Search the listing below for "have". Copy each matching line.

::: Exercise material

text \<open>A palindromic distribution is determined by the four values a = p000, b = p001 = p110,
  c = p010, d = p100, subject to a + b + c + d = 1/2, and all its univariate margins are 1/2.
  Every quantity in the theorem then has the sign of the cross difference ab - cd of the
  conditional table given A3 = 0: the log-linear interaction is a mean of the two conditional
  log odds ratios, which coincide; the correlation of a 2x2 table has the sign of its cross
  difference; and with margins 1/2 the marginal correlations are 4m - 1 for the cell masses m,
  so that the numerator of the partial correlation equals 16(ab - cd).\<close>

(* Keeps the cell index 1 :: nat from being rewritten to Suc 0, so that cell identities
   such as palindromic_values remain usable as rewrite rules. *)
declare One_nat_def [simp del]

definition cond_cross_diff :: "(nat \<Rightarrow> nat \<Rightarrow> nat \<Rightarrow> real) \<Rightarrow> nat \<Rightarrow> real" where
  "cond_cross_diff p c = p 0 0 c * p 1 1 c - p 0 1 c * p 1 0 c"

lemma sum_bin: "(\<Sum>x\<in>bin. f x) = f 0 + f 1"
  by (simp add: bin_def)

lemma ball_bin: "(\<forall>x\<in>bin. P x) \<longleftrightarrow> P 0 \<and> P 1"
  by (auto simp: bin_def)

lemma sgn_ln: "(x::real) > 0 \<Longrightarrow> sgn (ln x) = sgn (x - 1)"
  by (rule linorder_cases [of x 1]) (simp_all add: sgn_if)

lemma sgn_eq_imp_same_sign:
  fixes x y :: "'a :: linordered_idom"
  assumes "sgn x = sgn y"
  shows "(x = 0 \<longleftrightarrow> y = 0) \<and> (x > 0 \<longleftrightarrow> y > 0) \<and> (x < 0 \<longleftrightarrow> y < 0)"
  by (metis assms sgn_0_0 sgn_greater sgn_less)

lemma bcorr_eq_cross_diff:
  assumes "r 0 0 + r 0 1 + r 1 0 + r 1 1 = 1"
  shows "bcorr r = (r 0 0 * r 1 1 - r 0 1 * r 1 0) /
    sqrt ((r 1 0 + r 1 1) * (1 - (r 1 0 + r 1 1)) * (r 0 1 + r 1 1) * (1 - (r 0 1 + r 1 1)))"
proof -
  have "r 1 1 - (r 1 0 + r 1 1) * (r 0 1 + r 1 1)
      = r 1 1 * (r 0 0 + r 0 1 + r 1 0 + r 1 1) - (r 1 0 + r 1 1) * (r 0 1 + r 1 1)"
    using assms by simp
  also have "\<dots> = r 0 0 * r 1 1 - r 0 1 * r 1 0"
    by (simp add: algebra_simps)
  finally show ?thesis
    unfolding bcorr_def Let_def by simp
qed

::::::

- _Solution to the problem_:
  have "r 1 1 - (r 1 0 + r 1 1) * (r 0 1 + r 1 1)
  also have "\<dots> = r 0 0 * r 1 1 - r 0 1 * r 1 0"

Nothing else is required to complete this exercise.